EXTRACTED INFORMATION:
lemma L2_fibreD:
  assumes "L2_fibre y"
  shows "integrable PZ (centred y)" "integrable PZ (\<lambda>z. (centred y z)^2)"
    and "(\<integral>z. centred y z \<partial>PZ) = 0"
proof -
  interpret PZ: prob_space PZ by (rule prob_space_PZ)
  have phi_y_meas: "\<phi> y \<in> borel_measurable PZ"
    using measurable_Pair2[OF phi_measurable_pair, of y] by simp
  have int_sq: "integrable PZ (\<lambda>z. (\<phi> y z)^2)"
    by (rule integrableI_nonneg) (use assms in \<open>auto simp: L2_fibre_def\<close>)
  then have int: "integrable PZ (\<phi> y)"
    by (rule PZ.square_integrable_imp_integrable[OF phi_y_meas])
  then show "integrable PZ (centred y)"
    unfolding centred_def by simp
  have "integrable PZ (\<lambda>z. (\<phi> y z)\<^sup>2 + (cmean y)\<^sup>2 - 2 * \<phi> y z * cmean y)"
    using int int_sq by (intro Bochner_Integration.integrable_diff Bochner_Integration.integrable_add
        integrable_mult_left integrable_mult_right PZ.integrable_const)
  then show "integrable PZ (\<lambda>z. (centred y z)^2)"
    by (simp add: centred_def power2_diff)
  show "(\<integral>z. centred y z \<partial>PZ) = 0"
    unfolding centred_def using int PZ.prob_space by (simp add: cmean_def)
qed

abbreviation "X0 \<equiv> real_cond_exp M FY (\<lambda>\<omega>. \<phi> (Y \<omega>) (Z \<omega>))"

lemma integrable_phi_YZ: "integrable M (\<lambda>\<omega>. \<phi> (Y \<omega>) (Z \<omega>))"
  by (rule square_integrable_imp_integrable[OF _ L2]) simp

lemma AE_X0_eq_cmean: "AE \<omega> in M. X0 \<omega> = cmean (Y \<omega>)"
  using AE_real_cond_exp_YZ[OF phi_measurable_pair integrable_phi_YZ] by (simp add: cmean_def)

lemma integrable_centred_YZ_square: "integrable M (\<lambda>\<omega>. (centred (Y \<omega>) (Z \<omega>))^2)"
proof -
  interpret finite_measure_subalgebra M FY
    by unfold_locales (rule subalgebra_FY)
  have "integrable M (\<lambda>\<omega>. (X0 \<omega>)^2)"
    by (rule integrable_convex_cond_exp[where I=UNIV and q="\<lambda>x. x^2" and a=0 and b=0])
      (simp_all add: integrable_phi_YZ L2 convex_power2)
  then have "integrable M (\<lambda>\<omega>. 2 * (\<phi> (Y \<omega>) (Z \<omega>))^2 + 2 * (X0 \<omega>)^2)"
    using L2 by simp
  then have "integrable M (\<lambda>\<omega>. (\<phi> (Y \<omega>) (Z \<omega>) - X0 \<omega>)^2)"
  proof (rule Bochner_Integration.integrable_bound)
    have "(a - b)^2 \<le> 2 * a^2 + 2 * b^2" for a b :: real
      using zero_le_power2[of "a + b"] by (simp add: power2_eq_square algebra_simps)
    then show "AE \<omega> in M. norm ((\<phi> (Y \<omega>) (Z \<omega>) - X0 \<omega>)^2) \<le> norm (2 * (\<phi> (Y \<omega>) (Z \<omega>))^2 + 2 * (X0 \<omega>)^2)"
      by simp
  qed simp
  moreover have "AE \<omega> in M. (\<phi> (Y \<omega>) (Z \<omega>) - X0 \<omega>)^2 = (centred (Y \<omega>) (Z \<omega>))^2"
    using AE_X0_eq_cmean by (auto simp: centred_def)
  ultimately show ?thesis
    by (subst integrable_cong_AE[symmetric]) simp_all
qed

lemma AE_cond_var_eq_cvar: "AE \<omega> in M. real_cond_var M FY (\<lambda>\<omega>. \<phi> (Y \<omega>) (Z \<omega>)) \<omega> = cvar (Y \<omega>)"
proof -
  interpret finite_measure_subalgebra M FY
    by unfold_locales (rule subalgebra_FY)
  have "AE \<omega> in M. real_cond_var M FY (\<lambda>\<omega>. \<phi> (Y \<omega>) (Z \<omega>)) \<omega>
      = real_cond_exp M FY (\<lambda>\<omega>. (centred (Y \<omega>) (Z \<omega>))^2) \<omega>"
    unfolding real_cond_var_def
    by (rule real_cond_exp_cong) (use AE_X0_eq_cmean in \<open>auto simp: centred_def\<close>)
  moreover have "AE \<omega> in M. real_cond_exp M FY (\<lambda>\<omega>. (centred (Y \<omega>) (Z \<omega>))^2) \<omega> = cvar (Y \<omega>)"
    using AE_real_cond_exp_YZ[OF _ integrable_centred_YZ_square] centred_measurable_pair
    by (simp add: cvar_def)
  ultimately show ?thesis by auto
qed

section \<open>Sample means\<close>

definition "smean n \<omega> = (1 / real n) * (\<Sum>k\<in>{1..n}. \<phi> (Y \<omega>) (Zs k \<omega>))"
definition "serr n \<omega> = smean n \<omega> - cmean (Y \<omega>)"

lemma smean_measurable[measurable]: "smean n \<in> borel_measurable M"
  unfolding smean_def by measurable

lemma serr_measurable[measurable]: "serr n \<in> borel_measurable M"
  unfolding serr_def by measurable

lemma serr_eq_sum:
  assumes "n \<ge> 1"
  shows "serr n \<omega> = (\<Sum>k\<in>{1..n}. (1 / real n) * centred (Y \<omega>) (Zs k \<omega>))"
proof -
  have "(\<Sum>k\<in>{1..n}. (1 / real n) * centred (Y \<omega>) (Zs k \<omega>))
      = (1 / real n) * (\<Sum>k\<in>{1..n}. centred (Y \<omega>) (Zs k \<omega>))"
    by (rule sum_distrib_left[symmetric])
  also have "(\<Sum>k\<in>{1..n}. centred (Y \<omega>) (Zs k \<omega>))
      = (\<Sum>k\<in>{1..n}. \<phi> (Y \<omega>) (Zs k \<omega>)) - real n * cmean (Y \<omega>)"
    by (simp add: centred_def sum_subtractf)
  also have "(1 / real n) * ((\<Sum>k\<in>{1..n}. \<phi> (Y \<omega>) (Zs k \<omega>)) - real n * cmean (Y \<omega>)) = serr n \<omega>"
    using assms by (simp add: serr_def smean_def right_diff_distrib)
  finally show ?thesis ..
qed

WHAT NEEDS TO BE DONE:
Copy only this part of the entries above: the line with "M. norm ((\<phi>", the line with "using AE_real_cond_exp_YZ[OF _", and the lines between, all exactly as written.

SOLUTION:
    then show "AE \<omega> in M. norm ((\<phi> (Y \<omega>) (Z \<omega>) - X0 \<omega>)^2) \<le> norm (2 * (\<phi> (Y \<omega>) (Z \<omega>))^2 + 2 * (X0 \<omega>)^2)"
      by simp
  qed simp
  moreover have "AE \<omega> in M. (\<phi> (Y \<omega>) (Z \<omega>) - X0 \<omega>)^2 = (centred (Y \<omega>) (Z \<omega>))^2"
    using AE_X0_eq_cmean by (auto simp: centred_def)
  ultimately show ?thesis
    by (subst integrable_cong_AE[symmetric]) simp_all
qed

lemma AE_cond_var_eq_cvar: "AE \<omega> in M. real_cond_var M FY (\<lambda>\<omega>. \<phi> (Y \<omega>) (Z \<omega>)) \<omega> = cvar (Y \<omega>)"
proof -
  interpret finite_measure_subalgebra M FY
    by unfold_locales (rule subalgebra_FY)
  have "AE \<omega> in M. real_cond_var M FY (\<lambda>\<omega>. \<phi> (Y \<omega>) (Z \<omega>)) \<omega>
      = real_cond_exp M FY (\<lambda>\<omega>. (centred (Y \<omega>) (Z \<omega>))^2) \<omega>"
    unfolding real_cond_var_def
    by (rule real_cond_exp_cong) (use AE_X0_eq_cmean in \<open>auto simp: centred_def\<close>)
  moreover have "AE \<omega> in M. real_cond_exp M FY (\<lambda>\<omega>. (centred (Y \<omega>) (Z \<omega>))^2) \<omega> = cvar (Y \<omega>)"
    using AE_real_cond_exp_YZ[OF _ integrable_centred_YZ_square] centred_measurable_pair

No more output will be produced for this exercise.